Beginning with the very first line, please reproduce the entries exactly through the line containing "by (simp add: Benn_exponent_A_Benn".

**** Task material

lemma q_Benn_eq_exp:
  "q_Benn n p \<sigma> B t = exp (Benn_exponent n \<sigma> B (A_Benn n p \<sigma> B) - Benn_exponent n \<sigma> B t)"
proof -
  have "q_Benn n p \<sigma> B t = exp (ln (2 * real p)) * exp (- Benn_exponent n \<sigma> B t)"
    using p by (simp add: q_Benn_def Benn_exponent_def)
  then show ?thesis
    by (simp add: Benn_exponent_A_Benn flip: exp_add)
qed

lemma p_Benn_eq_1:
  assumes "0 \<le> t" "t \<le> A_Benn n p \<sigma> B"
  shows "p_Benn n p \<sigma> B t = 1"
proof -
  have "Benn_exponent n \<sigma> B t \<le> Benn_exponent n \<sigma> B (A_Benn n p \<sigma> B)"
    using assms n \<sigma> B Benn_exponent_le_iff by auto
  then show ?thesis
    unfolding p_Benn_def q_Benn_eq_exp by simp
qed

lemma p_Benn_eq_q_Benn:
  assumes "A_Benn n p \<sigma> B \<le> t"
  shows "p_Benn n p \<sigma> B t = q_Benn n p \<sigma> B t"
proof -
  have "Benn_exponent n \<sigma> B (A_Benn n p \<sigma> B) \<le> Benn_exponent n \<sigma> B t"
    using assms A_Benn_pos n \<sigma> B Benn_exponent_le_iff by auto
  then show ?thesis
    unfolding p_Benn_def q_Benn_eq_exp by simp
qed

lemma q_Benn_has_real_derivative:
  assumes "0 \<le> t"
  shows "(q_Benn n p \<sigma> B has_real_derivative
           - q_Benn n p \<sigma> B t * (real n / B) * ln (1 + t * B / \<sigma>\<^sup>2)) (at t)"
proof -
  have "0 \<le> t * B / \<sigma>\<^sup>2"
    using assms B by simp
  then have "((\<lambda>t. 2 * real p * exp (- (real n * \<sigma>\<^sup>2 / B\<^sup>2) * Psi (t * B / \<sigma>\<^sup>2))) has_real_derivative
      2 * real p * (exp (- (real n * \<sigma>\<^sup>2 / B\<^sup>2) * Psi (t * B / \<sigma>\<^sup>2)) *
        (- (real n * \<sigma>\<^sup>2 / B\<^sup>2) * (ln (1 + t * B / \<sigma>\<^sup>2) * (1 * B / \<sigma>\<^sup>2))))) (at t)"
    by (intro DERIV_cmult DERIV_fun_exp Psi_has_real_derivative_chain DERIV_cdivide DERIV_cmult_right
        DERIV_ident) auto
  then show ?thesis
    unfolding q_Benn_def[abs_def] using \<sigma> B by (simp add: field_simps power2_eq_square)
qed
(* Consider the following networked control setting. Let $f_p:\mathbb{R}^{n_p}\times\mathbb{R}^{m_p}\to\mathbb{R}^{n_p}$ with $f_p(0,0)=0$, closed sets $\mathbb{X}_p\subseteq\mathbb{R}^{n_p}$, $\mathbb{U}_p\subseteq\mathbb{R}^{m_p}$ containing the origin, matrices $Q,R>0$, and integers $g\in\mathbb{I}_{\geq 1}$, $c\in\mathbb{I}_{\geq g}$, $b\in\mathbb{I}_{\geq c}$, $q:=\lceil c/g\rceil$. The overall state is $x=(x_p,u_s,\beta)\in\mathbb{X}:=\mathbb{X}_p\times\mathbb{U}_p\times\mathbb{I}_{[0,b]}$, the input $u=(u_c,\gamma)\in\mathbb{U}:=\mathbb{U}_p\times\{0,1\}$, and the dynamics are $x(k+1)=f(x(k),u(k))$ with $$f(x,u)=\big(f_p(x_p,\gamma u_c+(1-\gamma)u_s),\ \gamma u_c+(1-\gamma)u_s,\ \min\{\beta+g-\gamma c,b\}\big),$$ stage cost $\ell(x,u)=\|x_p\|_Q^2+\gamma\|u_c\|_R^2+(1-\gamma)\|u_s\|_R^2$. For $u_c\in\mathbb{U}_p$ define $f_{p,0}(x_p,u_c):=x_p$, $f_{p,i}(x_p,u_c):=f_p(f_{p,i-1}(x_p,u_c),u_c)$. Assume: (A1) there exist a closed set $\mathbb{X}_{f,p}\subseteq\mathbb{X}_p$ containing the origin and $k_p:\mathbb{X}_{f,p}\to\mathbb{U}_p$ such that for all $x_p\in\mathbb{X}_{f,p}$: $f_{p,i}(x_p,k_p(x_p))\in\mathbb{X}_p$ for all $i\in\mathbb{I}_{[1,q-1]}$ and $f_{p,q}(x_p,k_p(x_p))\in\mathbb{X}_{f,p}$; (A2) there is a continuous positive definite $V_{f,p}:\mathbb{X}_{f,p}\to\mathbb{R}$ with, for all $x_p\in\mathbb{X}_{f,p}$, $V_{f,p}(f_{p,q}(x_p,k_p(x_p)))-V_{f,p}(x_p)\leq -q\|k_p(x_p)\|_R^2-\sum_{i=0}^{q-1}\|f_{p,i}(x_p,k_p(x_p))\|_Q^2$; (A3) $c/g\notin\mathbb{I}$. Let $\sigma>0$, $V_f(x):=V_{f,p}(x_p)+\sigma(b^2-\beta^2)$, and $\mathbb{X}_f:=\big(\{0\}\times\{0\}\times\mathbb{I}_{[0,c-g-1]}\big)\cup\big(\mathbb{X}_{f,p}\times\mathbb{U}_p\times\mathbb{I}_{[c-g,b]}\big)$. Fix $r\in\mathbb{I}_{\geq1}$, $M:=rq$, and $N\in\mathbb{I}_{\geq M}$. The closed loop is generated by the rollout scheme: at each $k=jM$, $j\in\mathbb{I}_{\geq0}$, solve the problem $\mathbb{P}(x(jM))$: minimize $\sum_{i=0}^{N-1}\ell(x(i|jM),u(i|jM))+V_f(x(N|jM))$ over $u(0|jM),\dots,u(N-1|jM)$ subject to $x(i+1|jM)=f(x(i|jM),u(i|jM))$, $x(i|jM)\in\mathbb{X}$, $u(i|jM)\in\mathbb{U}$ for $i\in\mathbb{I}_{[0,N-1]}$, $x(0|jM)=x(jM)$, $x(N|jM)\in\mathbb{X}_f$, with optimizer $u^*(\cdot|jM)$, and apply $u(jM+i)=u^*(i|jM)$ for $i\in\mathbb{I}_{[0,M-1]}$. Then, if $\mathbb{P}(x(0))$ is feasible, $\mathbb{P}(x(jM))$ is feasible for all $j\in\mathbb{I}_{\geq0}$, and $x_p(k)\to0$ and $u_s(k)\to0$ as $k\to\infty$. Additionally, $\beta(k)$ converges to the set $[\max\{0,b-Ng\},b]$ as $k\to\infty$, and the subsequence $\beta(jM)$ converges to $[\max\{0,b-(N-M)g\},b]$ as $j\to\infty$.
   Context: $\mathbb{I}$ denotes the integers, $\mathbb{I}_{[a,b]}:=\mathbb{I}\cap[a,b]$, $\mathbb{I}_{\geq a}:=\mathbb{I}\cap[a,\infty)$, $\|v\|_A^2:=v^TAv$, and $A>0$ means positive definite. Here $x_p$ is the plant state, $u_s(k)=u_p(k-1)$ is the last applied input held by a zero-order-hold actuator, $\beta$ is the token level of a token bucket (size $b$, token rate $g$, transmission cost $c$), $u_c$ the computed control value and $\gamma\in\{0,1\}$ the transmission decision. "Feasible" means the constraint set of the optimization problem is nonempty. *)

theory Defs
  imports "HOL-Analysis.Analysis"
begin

********

-- Answer to this task --
lemma q_Benn_eq_exp:
  "q_Benn n p \<sigma> B t = exp (Benn_exponent n \<sigma> B (A_Benn n p \<sigma> B) - Benn_exponent n \<sigma> B t)"
proof -
  have "q_Benn n p \<sigma> B t = exp (ln (2 * real p)) * exp (- Benn_exponent n \<sigma> B t)"
    using p by (simp add: q_Benn_def Benn_exponent_def)
  then show ?thesis
    by (simp add: Benn_exponent_A_Benn flip: exp_add)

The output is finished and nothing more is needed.